** INSTRUCTIONS FOR THE TASK **
Transcribe the listing below from its opening line up to and including the line that contains "(\<Sum>w\<in>Om - A. (P"; reproduce nothing else.

BEGIN

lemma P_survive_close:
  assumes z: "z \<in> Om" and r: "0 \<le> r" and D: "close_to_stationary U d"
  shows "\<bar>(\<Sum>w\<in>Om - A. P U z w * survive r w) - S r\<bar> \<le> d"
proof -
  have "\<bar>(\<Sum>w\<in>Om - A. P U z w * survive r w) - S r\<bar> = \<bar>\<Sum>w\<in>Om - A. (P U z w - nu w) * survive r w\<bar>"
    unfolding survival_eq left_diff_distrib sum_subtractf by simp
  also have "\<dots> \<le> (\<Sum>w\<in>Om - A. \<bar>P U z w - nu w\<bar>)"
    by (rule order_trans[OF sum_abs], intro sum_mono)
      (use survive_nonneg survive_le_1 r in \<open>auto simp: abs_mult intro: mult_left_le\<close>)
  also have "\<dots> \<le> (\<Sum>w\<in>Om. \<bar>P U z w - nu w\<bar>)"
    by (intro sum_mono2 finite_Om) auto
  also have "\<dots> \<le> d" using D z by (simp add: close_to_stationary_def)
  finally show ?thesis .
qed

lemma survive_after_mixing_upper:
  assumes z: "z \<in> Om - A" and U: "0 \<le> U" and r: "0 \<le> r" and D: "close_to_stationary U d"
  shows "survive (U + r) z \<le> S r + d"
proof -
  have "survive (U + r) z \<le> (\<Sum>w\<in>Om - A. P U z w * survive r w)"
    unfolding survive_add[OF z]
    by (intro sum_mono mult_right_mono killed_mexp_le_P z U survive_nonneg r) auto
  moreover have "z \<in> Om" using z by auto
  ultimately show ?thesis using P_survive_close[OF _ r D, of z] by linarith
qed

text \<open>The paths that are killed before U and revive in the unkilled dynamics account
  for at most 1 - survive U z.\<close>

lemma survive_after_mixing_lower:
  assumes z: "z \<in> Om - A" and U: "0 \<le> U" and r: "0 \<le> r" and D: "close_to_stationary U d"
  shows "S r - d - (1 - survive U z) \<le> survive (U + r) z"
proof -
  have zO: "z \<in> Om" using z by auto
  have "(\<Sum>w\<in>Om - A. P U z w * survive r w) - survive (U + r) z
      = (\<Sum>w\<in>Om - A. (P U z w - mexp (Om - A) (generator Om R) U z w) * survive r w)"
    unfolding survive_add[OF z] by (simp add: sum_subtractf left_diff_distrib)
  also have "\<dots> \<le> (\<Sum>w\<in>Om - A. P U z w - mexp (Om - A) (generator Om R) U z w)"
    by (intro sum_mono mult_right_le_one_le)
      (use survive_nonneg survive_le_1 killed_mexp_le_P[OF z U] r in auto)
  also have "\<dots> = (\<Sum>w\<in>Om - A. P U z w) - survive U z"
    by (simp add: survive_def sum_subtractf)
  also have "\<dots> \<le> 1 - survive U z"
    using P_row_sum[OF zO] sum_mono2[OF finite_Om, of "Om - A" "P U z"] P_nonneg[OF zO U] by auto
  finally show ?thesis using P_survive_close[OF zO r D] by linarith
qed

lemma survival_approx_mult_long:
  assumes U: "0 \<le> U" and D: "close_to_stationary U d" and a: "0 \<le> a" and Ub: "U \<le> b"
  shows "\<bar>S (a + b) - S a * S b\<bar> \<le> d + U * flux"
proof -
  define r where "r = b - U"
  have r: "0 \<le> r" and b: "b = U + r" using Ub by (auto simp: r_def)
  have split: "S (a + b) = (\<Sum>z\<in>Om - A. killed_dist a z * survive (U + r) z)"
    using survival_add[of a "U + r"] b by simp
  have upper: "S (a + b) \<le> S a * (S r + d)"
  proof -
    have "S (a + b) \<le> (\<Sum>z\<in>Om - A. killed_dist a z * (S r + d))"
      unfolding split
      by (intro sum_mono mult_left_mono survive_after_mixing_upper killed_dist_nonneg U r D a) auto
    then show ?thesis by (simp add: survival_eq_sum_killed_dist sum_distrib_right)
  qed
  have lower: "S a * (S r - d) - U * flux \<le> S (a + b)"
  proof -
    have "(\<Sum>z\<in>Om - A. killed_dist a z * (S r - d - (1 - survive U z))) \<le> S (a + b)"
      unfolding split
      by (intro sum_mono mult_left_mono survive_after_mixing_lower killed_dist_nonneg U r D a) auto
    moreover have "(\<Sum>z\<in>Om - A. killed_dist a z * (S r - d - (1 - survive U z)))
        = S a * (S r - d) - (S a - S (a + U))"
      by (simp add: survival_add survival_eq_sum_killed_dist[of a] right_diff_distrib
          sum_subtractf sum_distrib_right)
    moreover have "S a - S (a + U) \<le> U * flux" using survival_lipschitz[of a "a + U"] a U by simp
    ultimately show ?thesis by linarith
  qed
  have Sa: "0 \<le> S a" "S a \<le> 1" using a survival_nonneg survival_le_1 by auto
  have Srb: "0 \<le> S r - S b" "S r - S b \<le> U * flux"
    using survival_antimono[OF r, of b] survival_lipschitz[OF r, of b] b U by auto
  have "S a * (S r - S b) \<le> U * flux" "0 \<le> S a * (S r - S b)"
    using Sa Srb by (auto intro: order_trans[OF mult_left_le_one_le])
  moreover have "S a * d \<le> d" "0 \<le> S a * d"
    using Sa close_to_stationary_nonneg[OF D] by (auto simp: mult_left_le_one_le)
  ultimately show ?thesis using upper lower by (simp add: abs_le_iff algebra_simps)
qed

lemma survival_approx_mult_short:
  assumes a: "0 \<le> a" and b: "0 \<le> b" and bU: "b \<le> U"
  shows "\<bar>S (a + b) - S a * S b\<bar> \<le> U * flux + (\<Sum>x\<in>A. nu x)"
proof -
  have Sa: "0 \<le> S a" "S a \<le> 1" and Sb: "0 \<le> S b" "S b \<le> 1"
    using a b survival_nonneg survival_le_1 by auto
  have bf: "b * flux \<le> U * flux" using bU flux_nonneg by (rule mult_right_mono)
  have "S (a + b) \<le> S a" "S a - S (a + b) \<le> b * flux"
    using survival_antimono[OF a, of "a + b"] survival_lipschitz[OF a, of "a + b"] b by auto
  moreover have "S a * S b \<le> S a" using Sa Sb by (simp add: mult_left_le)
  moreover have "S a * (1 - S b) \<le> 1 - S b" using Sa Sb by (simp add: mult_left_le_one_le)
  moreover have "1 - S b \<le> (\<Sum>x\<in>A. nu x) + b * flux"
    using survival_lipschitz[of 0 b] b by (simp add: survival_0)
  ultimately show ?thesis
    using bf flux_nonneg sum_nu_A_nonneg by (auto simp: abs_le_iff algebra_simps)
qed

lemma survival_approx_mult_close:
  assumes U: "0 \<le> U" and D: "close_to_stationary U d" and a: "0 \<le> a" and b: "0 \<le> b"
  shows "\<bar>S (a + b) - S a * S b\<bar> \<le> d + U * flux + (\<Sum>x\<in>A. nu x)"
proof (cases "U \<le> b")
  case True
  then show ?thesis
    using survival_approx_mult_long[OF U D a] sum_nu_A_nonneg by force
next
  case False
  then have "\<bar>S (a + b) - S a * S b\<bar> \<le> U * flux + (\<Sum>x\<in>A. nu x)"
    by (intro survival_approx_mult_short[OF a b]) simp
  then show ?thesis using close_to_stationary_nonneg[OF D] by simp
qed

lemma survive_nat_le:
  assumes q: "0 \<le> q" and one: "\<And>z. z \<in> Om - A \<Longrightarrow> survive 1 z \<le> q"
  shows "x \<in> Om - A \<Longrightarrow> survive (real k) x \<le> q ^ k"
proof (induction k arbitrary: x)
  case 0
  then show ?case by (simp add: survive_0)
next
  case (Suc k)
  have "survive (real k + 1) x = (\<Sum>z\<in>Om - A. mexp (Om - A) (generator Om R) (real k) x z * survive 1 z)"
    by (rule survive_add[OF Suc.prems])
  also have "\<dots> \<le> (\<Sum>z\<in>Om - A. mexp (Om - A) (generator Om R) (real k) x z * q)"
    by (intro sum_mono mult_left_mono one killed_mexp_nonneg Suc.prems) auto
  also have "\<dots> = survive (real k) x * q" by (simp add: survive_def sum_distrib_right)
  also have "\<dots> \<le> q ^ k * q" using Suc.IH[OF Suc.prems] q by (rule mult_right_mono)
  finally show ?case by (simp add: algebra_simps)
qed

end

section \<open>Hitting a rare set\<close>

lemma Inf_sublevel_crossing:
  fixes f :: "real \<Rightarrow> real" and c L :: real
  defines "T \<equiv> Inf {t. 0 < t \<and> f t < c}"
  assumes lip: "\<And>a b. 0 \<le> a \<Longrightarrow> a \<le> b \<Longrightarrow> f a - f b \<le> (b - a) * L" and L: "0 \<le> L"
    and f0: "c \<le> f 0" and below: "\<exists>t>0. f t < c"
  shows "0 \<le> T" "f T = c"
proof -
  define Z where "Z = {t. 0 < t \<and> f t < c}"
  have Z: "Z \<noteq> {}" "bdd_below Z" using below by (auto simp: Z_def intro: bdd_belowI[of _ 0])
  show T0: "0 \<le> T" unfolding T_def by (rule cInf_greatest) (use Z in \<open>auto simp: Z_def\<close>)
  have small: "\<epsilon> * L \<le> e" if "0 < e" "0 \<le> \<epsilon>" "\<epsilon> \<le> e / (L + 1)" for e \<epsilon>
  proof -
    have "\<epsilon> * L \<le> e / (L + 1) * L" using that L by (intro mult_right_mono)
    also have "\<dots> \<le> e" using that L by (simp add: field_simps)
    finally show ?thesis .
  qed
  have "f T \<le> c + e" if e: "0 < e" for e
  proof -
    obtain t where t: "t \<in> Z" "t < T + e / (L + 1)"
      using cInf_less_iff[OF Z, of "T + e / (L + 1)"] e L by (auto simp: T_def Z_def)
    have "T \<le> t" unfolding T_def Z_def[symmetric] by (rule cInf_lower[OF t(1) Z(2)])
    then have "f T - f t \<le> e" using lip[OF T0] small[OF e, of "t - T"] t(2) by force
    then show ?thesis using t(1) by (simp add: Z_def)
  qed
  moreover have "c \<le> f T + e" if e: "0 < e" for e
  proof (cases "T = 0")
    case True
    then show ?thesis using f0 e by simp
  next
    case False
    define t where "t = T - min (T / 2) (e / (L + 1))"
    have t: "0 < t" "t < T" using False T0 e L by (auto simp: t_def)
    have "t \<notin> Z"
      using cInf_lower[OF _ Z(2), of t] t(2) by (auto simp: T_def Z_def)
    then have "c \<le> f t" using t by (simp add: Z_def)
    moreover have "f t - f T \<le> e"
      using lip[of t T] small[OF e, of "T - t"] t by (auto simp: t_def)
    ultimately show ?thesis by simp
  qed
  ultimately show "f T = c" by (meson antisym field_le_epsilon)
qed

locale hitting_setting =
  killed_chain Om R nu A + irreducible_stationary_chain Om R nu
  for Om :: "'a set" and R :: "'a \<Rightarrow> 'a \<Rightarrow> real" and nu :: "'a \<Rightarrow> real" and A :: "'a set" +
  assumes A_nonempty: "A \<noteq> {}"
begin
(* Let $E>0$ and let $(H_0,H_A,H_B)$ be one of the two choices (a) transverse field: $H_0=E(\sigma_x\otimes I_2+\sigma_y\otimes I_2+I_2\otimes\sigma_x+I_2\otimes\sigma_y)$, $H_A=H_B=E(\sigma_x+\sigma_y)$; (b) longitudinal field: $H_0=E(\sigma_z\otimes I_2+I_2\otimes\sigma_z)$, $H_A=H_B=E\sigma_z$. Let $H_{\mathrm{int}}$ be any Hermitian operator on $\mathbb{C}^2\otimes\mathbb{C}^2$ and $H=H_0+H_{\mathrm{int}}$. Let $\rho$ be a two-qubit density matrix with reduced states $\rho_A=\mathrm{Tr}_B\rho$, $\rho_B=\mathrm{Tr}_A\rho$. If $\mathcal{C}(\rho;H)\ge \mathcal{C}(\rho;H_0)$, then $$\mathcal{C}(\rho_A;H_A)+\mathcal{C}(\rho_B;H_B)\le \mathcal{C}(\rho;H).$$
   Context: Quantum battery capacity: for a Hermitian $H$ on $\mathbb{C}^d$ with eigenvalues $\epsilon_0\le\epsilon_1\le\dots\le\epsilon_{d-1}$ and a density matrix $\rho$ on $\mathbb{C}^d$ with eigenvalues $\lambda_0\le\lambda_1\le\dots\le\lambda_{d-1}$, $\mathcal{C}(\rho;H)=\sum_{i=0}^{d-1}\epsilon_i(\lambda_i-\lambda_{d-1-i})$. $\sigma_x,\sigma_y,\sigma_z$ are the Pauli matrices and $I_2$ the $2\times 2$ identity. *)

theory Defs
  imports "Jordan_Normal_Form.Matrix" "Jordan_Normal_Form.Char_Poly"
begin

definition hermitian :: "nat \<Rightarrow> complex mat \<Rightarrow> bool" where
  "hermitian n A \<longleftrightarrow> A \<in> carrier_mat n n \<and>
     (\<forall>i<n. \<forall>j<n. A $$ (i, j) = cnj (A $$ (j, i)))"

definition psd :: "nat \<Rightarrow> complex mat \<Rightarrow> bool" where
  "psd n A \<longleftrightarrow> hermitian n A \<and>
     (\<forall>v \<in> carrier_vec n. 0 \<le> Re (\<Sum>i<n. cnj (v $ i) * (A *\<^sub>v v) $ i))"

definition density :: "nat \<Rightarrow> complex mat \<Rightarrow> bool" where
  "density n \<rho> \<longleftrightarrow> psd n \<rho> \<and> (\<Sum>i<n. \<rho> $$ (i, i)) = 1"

END

** EXPECTED OUTPUT **
lemma P_survive_close:
  assumes z: "z \<in> Om" and r: "0 \<le> r" and D: "close_to_stationary U d"
  shows "\<bar>(\<Sum>w\<in>Om - A. P U z w * survive r w) - S r\<bar> \<le> d"
proof -
  have "\<bar>(\<Sum>w\<in>Om - A. P U z w * survive r w) - S r\<bar> = \<bar>\<Sum>w\<in>Om - A. (P U z w - nu w) * survive r w\<bar>"
    unfolding survival_eq left_diff_distrib sum_subtractf by simp
  also have "\<dots> \<le> (\<Sum>w\<in>Om - A. \<bar>P U z w - nu w\<bar>)"
    by (rule order_trans[OF sum_abs], intro sum_mono)
      (use survive_nonneg survive_le_1 r in \<open>auto simp: abs_mult intro: mult_left_le\<close>)
  also have "\<dots> \<le> (\<Sum>w\<in>Om. \<bar>P U z w - nu w\<bar>)"
    by (intro sum_mono2 finite_Om) auto
  also have "\<dots> \<le> d" using D z by (simp add: close_to_stationary_def)
  finally show ?thesis .
qed

lemma survive_after_mixing_upper:
  assumes z: "z \<in> Om - A" and U: "0 \<le> U" and r: "0 \<le> r" and D: "close_to_stationary U d"
  shows "survive (U + r) z \<le> S r + d"
proof -
  have "survive (U + r) z \<le> (\<Sum>w\<in>Om - A. P U z w * survive r w)"
    unfolding survive_add[OF z]
    by (intro sum_mono mult_right_mono killed_mexp_le_P z U survive_nonneg r) auto
  moreover have "z \<in> Om" using z by auto
  ultimately show ?thesis using P_survive_close[OF _ r D, of z] by linarith
qed

text \<open>The paths that are killed before U and revive in the unkilled dynamics account
  for at most 1 - survive U z.\<close>

lemma survive_after_mixing_lower:
  assumes z: "z \<in> Om - A" and U: "0 \<le> U" and r: "0 \<le> r" and D: "close_to_stationary U d"
  shows "S r - d - (1 - survive U z) \<le> survive (U + r) z"
proof -
  have zO: "z \<in> Om" using z by auto
  have "(\<Sum>w\<in>Om - A. P U z w * survive r w) - survive (U + r) z
      = (\<Sum>w\<in>Om - A. (P U z w - mexp (Om - A) (generator Om R) U z w) * survive r w)"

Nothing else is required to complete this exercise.